======== Exercise data ========

lemma W_nonzero:
  assumes i: "i \<in> {1..N}" and m: "1 \<le> m"
  shows "W i m n \<noteq> 0"
  using m
proof (induction n arbitrary: m)
  case (Suc n)
  have "w i (f i m) \<noteq> 0" using data i Suc.prems by (auto simp: pseudo_shift_data_def)
  then show ?case using Suc.IH[of "f i m"] Suc_le_f[OF i Suc.prems] by (simp add: Wprod_Suc)
qed simp

lemma weight_bound:
  assumes "i \<in> {1..N}"
  obtains C where "1 \<le> C" "\<And>m. 1 \<le> m \<Longrightarrow> norm (w i (f i m)) \<le> C"
proof -
  obtain B where "\<forall>m\<ge>1. norm (w i (f i m)) \<le> B"
    using data assms unfolding pseudo_shift_data_def by blast
  then show ?thesis using that[of "max B 1"] by force
qed

lemma norm_W_le:
  assumes i: "i \<in> {1..N}" and C: "1 \<le> C" "\<And>m. 1 \<le> m \<Longrightarrow> norm (w i (f i m)) \<le> C"
    and m: "1 \<le> m"
  shows "norm (W i m n) \<le> C ^ n"
  using m
proof (induction n arbitrary: m)
  case (Suc n)
  have "norm (W i m (Suc n)) = norm (w i (f i m)) * norm (W i (f i m) n)"
    by (simp add: Wprod_Suc norm_mult)
  also have "\<dots> \<le> C * C ^ n"
    using Suc.IH[of "f i m"] Suc_le_f[OF i Suc.prems] C(1) C(2)[OF Suc.prems]
    by (intro mult_mono) auto
  finally show ?case by simp
qed simp

lemma T_in_lp_space:
  assumes i: "i \<in> {1..N}" and x: "x \<in> lp_space p"
  shows "T i x \<in> lp_space p"
proof -
  obtain C where C: "1 \<le> C" "\<And>m. 1 \<le> m \<Longrightarrow> norm (w i (f i m)) \<le> C"
    using weight_bound[OF i] by blast
  have "summable (\<lambda>m. if m = 0 then 0 else norm (x (f i m)) powr p)"
    using x strict_mono_on_imp_inj_on[OF strict_mono_on_f[OF i]]
    by (intro summable_comp_inj_on) (auto simp: lp_space_def)
  then have dominant: "summable (\<lambda>m. C powr p * (if m = 0 then 0 else norm (x (f i m)) powr p))"
    by (rule summable_mult)
  have bound: "norm (T i x m) powr p \<le> C powr p * (if m = 0 then 0 else norm (x (f i m)) powr p)" for m
  proof (cases "m = 0")
    case False
    have "norm (T i x m) \<le> C * norm (x (f i m))"
      using False C(2)[of m] by (simp add: pseudo_shift_def norm_mult mult_right_mono)
    then have "norm (T i x m) powr p \<le> (C * norm (x (f i m))) powr p"
      using p_pos by (intro powr_mono2) auto
    then show ?thesis using False C(1) by (simp add: powr_mult)
  qed (simp add: pseudo_shift_def)
  have "summable (\<lambda>m. norm (T i x m) powr p)"
    by (rule summable_comparison_test'[OF dominant]) (use bound in simp)
  then show ?thesis unfolding lp_space_def by (simp add: pseudo_shift_def)
qed

lemma T_funpow_in_lp_space: "\<lbrakk>i \<in> {1..N}; x \<in> lp_space p\<rbrakk> \<Longrightarrow> (T i ^^ n) x \<in> lp_space p"
  by (induction n) (auto simp: T_in_lp_space)

end

section \<open>Good exponents\<close>

definition block :: "nat \<Rightarrow> nat \<Rightarrow> 'a::real_normed_algebra_1" where
  "block M m = (if m \<in> {1..M} then 1 else 0)"

definition ramp :: "nat \<Rightarrow> nat \<Rightarrow> 'a::real_normed_algebra_1" where
  "ramp M m = (if m \<in> {1..M} then of_nat m else 0)"

lemma block_in_lp_space: "block M \<in> lp_space p"
  by (rule lp_space_finite_support[of "{1..M}"]) (auto simp: block_def)

lemma ramp_in_lp_space: "ramp M \<in> lp_space p"
  by (rule lp_space_finite_support[of "{1..M}"]) (auto simp: ramp_def)

lemma norm_greater_of_near_one:
  fixes P :: "'a::real_normed_algebra_1"
  assumes "norm (P - 1) < \<eta>"
  shows "1 - \<eta> < norm P"
  using norm_triangle_ineq[of P "1 - P"] norm_minus_commute[of P 1] assms by simp

lemma less_norm_of_approx_inverse:
  fixes W a :: "'a::real_normed_field"
  assumes near: "norm (W * a - 1) < \<eta>" and a: "norm a < \<eta>" and \<eta>: "\<eta> * (L + 1) \<le> 1"
  shows "L < norm W"
proof -
  have "\<eta> * L \<le> 1 - \<eta>" using \<eta> by (simp add: algebra_simps)
  also have "1 - \<eta> < norm (W * a)" by (rule norm_greater_of_near_one[OF near])
  also have "\<dots> \<le> norm W * \<eta>" using a by (simp add: norm_mult mult_left_mono)
  finally show ?thesis using le_less_trans[OF norm_ge_zero a] by (simp add: mult.commute)
qed

lemma norm_divide_less_of_near_one:
  fixes P Q :: "'a::real_normed_field"
  assumes P: "norm (P - 1) < \<eta>" and Q: "norm Q < \<eta>" and \<eta>: "\<eta> \<le> 1 / 2"
  shows "norm (Q / P) < 2 * \<eta>"
proof -
  have "norm (Q / P) = norm Q / norm P" by (simp add: norm_divide)
  also have "\<dots> < \<eta> / (1 / 2)"
    using norm_greater_of_near_one[OF P] Q \<eta> by (intro frac_less) auto
  finally show ?thesis by simp
qed

lemma norm_divide_minus_one_less:
  fixes P Q :: "'a::real_normed_field"
  assumes P: "norm (P - 1) < \<eta>" and Q: "norm (Q - 1) < \<eta>" and \<eta>: "\<eta> \<le> 1 / 2"
  shows "norm (Q / P - 1) < 4 * \<eta>"
proof -
  have P_large: "1 / 2 < norm P" using norm_greater_of_near_one[OF P] \<eta> by simp
  then have "Q / P - 1 = (Q - P) / P" by (auto simp: diff_divide_distrib)
  then have "norm (Q / P - 1) = norm ((Q - 1) - (P - 1)) / norm P" by (simp add: norm_divide)
  also have "\<dots> < (2 * \<eta>) / (1 / 2)"
    using norm_triangle_ineq4[of "Q - 1" "P - 1"] P Q P_large by (intro frac_less) auto
  finally show ?thesis by simp
qed

lemma eq_of_near_ratio:
  fixes \<rho> P :: "'a::real_normed_field"
  assumes \<rho>: "norm (\<rho> - 1) < 4 * \<eta>" and P: "norm (P - of_nat m) < \<eta>"
    and \<rho>P: "norm (\<rho> * P - of_nat m') < \<eta>" and \<eta>: "\<eta> * (8 * (real m + 1)) \<le> 1"
  shows "m = m'"
proof -
  have \<eta>_pos: "0 < \<eta>" using le_less_trans[OF norm_ge_zero P] .
  have "norm \<rho> \<le> norm (\<rho> - 1) + 1" using norm_triangle_ineq[of "\<rho> - 1" 1] by simp
  also have "\<dots> \<le> 3"
  proof -
    have "\<eta> * (8 * (real m + 1)) = 8 * \<eta> + 8 * (\<eta> * real m)" by (simp add: algebra_simps)
    moreover have "0 \<le> \<eta> * real m" using \<eta>_pos by simp
    ultimately show ?thesis using \<rho> \<eta> by linarith
  qed
  finally have \<rho>_bound: "norm \<rho> \<le> 3" .
  have split: "(of_nat m' - of_nat m :: 'a) = (of_nat m' - \<rho> * P) + \<rho> * (P - of_nat m) + (\<rho> - 1) * of_nat m"
    by (simp add: algebra_simps)
  have "norm (of_nat m' - of_nat m :: 'a)
      \<le> norm (of_nat m' - \<rho> * P) + norm (\<rho> * (P - of_nat m)) + norm ((\<rho> - 1) * of_nat m)"
    unfolding split by (rule order_trans[OF norm_triangle_ineq add_right_mono[OF norm_triangle_ineq]])
  also have "\<dots> \<le> \<eta> + 3 * \<eta> + 4 * \<eta> * real m"
  proof (intro add_mono)
    show "norm (of_nat m' - \<rho> * P) \<le> \<eta>" using \<rho>P by (simp add: norm_minus_commute)
    show "norm (\<rho> * (P - of_nat m)) \<le> 3 * \<eta>"
      unfolding norm_mult using \<rho>_bound P by (intro mult_mono) auto
    show "norm ((\<rho> - 1) * of_nat m) \<le> 4 * \<eta> * real m"
      unfolding norm_mult norm_of_nat using \<rho> by (intro mult_right_mono) auto
  qed
  also have "\<dots> \<le> 1 / 2" using \<eta> by (simp add: algebra_simps)
  finally have "norm (of_int (int m' - int m) :: 'a) \<le> 1 / 2" by simp
  then have "\<bar>real m' - real m\<bar> \<le> 1 / 2" by (simp only: norm_of_int)
  then show ?thesis by linarith
qed

context pseudo_shift_family
begin

text \<open>Condition (b) of (iv) at a single exponent \<open>n\<close>.\<close>

definition ratio_condition :: "real \<Rightarrow> nat \<Rightarrow> nat \<Rightarrow> bool" where
  "ratio_condition e M n \<longleftrightarrow> (\<forall>i\<in>{1..N}. \<forall>l\<in>{1..N}. i \<noteq> l \<longrightarrow>
      (\<forall>m\<in>{1..M}. \<forall>m'. m' \<ge> 1 \<longrightarrow> m' \<notin> {1..M} \<longrightarrow>
          (f l ^^ n) m = (f i ^^ n) m' \<longrightarrow> norm (W i m' n / W l m n) < e) \<and>
      (\<forall>m\<in>{1..M}. \<forall>m'\<in>{1..M}.
          (f l ^^ n) m = (f i ^^ n) m' \<longrightarrow> m = m' \<and> norm (W i m' n / W l m n - 1) < e))"

definition good_exponent :: "real \<Rightarrow> nat \<Rightarrow> real \<Rightarrow> nat \<Rightarrow> bool" where
  "good_exponent e M L n \<longleftrightarrow> (\<forall>i\<in>{1..N}. \<forall>m\<in>{1..M}. L < norm (W i m n)) \<and> ratio_condition e M n"

definition has_good_exponents :: bool where
  "has_good_exponents \<longleftrightarrow> (\<forall>e>0. \<forall>M\<ge>1. \<forall>L. \<exists>n. good_exponent e M L n)"

definition weight_condition :: bool where
  "weight_condition \<longleftrightarrow> (\<exists>nk::nat \<Rightarrow> nat. strict_mono nk \<and> (\<forall>k. 0 < nk k) \<and>
      (\<forall>i\<in>{1..N}. \<forall>m\<ge>1. filterlim (\<lambda>k. norm (W i m (nk k))) at_top sequentially) \<and>
      (\<forall>e>0. \<forall>K M. M \<ge> 1 \<longrightarrow> (\<exists>k\<ge>K. ratio_condition e M (nk k))))"

lemma ratio_conditionD:
  assumes "ratio_condition e M n" "i \<in> {1..N}" "l \<in> {1..N}" "i \<noteq> l" "m \<in> {1..M}"
    and "(f l ^^ n) m = (f i ^^ n) m'"
  shows "\<lbrakk>1 \<le> m'; m' \<notin> {1..M}\<rbrakk> \<Longrightarrow> norm (W i m' n / W l m n) < e"
    and "m' \<in> {1..M} \<Longrightarrow> m = m' \<and> norm (W i m' n / W l m n - 1) < e"
  using assms unfolding ratio_condition_def by blast+

lemma ratio_condition_mono:
  assumes ratio: "ratio_condition e M n" and e: "e \<le> e'" and M: "M' \<le> M"
  shows "ratio_condition e' M' n"
  unfolding ratio_condition_def
proof (intro ballI impI allI conjI)
  fix i l m m' assume il: "i \<in> {1..N}" "l \<in> {1..N}" "i \<noteq> l" and m: "m \<in> {1..M'}"
  then have mM: "m \<in> {1..M}" using M by auto
  {
    assume m': "1 \<le> m'" "m' \<notin> {1..M'}" and eq: "(f l ^^ n) m = (f i ^^ n) m'"
    show "norm (W i m' n / W l m n) < e'"
    proof (cases "m' \<in> {1..M}")
      case True
      then show ?thesis using ratio_conditionD(2)[OF ratio il mM eq] m m' by simp
    next
      case False
      then show ?thesis using ratio_conditionD(1)[OF ratio il mM eq m'(1)] e by simp
    qed
  next
    assume "m' \<in> {1..M'}" and eq: "(f l ^^ n) m = (f i ^^ n) m'"
    then have "m' \<in> {1..M}" using M by auto
    from ratio_conditionD(2)[OF ratio il mM eq this]
    show "m = m'" "norm (W i m' n / W l m n - 1) < e'" using e by auto
  }
qed

lemma good_exponent_mono:
  assumes "good_exponent e M L n" "e \<le> e'" "M' \<le> M" "L' \<le> L"
  shows "good_exponent e' M' L' n"
proof -
  have "L' < norm (W i m n)" if "i \<in> {1..N}" "m \<in> {1..M'}" for i m
  proof -
    have "m \<in> {1..M}" using that(2) assms(3) by simp
    then have "L < norm (W i m n)" using assms(1) that(1) unfolding good_exponent_def by blast
    then show ?thesis using assms(4) by simp
  qed
  then show ?thesis
    using assms(1) ratio_condition_mono[OF _ assms(2,3)] unfolding good_exponent_def by blast
qed

text \<open>The sequences \<open>block M\<close> and \<open>ramp M\<close> serve as test vectors: small common approximate
  preimages of them under \<open>T\<^sub>1\<^sup>n, \<dots>, T\<^sub>N\<^sup>n\<close> force \<open>n\<close> to be a good exponent. The ramp detects
  the coincidences \<open>f\<^sub>l\<^sup>n(m) = f\<^sub>i\<^sup>n(m')\<close> with \<open>m \<noteq> m'\<close> inside the block.\<close>

definition shifts_close :: "real \<Rightarrow> nat \<Rightarrow> (nat \<Rightarrow> 'k) \<Rightarrow> (nat \<Rightarrow> 'k) \<Rightarrow> bool" where
  "shifts_close \<eta> n a x \<longleftrightarrow> (\<forall>i\<in>{1..N}. \<forall>m\<ge>1. norm ((T i ^^ n) a m - x m) < \<eta>)"

definition common_approx_preimages :: bool where
  "common_approx_preimages \<longleftrightarrow> (\<forall>M\<ge>1. \<forall>\<eta>>0. \<exists>n a b. (\<forall>j. norm (a j) < \<eta>) \<and>
      shifts_close \<eta> n a (block M) \<and> shifts_close \<eta> n b (ramp M))"

lemma shifts_closeD:
  "\<lbrakk>shifts_close \<eta> n a x; i \<in> {1..N}; 1 \<le> m\<rbrakk> \<Longrightarrow> norm (W i m n * a ((f i ^^ n) m) - x m) < \<eta>"
  unfolding shifts_close_def by (simp add: T_funpow)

========

Exercise details: Up to and including the line with "by (intro summable_comp_inj_on)", print every line of the records from the start.

Written reply:
lemma W_nonzero:
  assumes i: "i \<in> {1..N}" and m: "1 \<le> m"
  shows "W i m n \<noteq> 0"
  using m
proof (induction n arbitrary: m)
  case (Suc n)
  have "w i (f i m) \<noteq> 0" using data i Suc.prems by (auto simp: pseudo_shift_data_def)
  then show ?case using Suc.IH[of "f i m"] Suc_le_f[OF i Suc.prems] by (simp add: Wprod_Suc)
qed simp

lemma weight_bound:
  assumes "i \<in> {1..N}"
  obtains C where "1 \<le> C" "\<And>m. 1 \<le> m \<Longrightarrow> norm (w i (f i m)) \<le> C"
proof -
  obtain B where "\<forall>m\<ge>1. norm (w i (f i m)) \<le> B"
    using data assms unfolding pseudo_shift_data_def by blast
  then show ?thesis using that[of "max B 1"] by force
qed

lemma norm_W_le:
  assumes i: "i \<in> {1..N}" and C: "1 \<le> C" "\<And>m. 1 \<le> m \<Longrightarrow> norm (w i (f i m)) \<le> C"
    and m: "1 \<le> m"
  shows "norm (W i m n) \<le> C ^ n"
  using m
proof (induction n arbitrary: m)
  case (Suc n)
  have "norm (W i m (Suc n)) = norm (w i (f i m)) * norm (W i (f i m) n)"
    by (simp add: Wprod_Suc norm_mult)
  also have "\<dots> \<le> C * C ^ n"
    using Suc.IH[of "f i m"] Suc_le_f[OF i Suc.prems] C(1) C(2)[OF Suc.prems]
    by (intro mult_mono) auto
  finally show ?case by simp
qed simp

lemma T_in_lp_space:
  assumes i: "i \<in> {1..N}" and x: "x \<in> lp_space p"
  shows "T i x \<in> lp_space p"
proof -
  obtain C where C: "1 \<le> C" "\<And>m. 1 \<le> m \<Longrightarrow> norm (w i (f i m)) \<le> C"
    using weight_bound[OF i] by blast
  have "summable (\<lambda>m. if m = 0 then 0 else norm (x (f i m)) powr p)"
    using x strict_mono_on_imp_inj_on[OF strict_mono_on_f[OF i]]
    by (intro summable_comp_inj_on) (auto simp: lp_space_def)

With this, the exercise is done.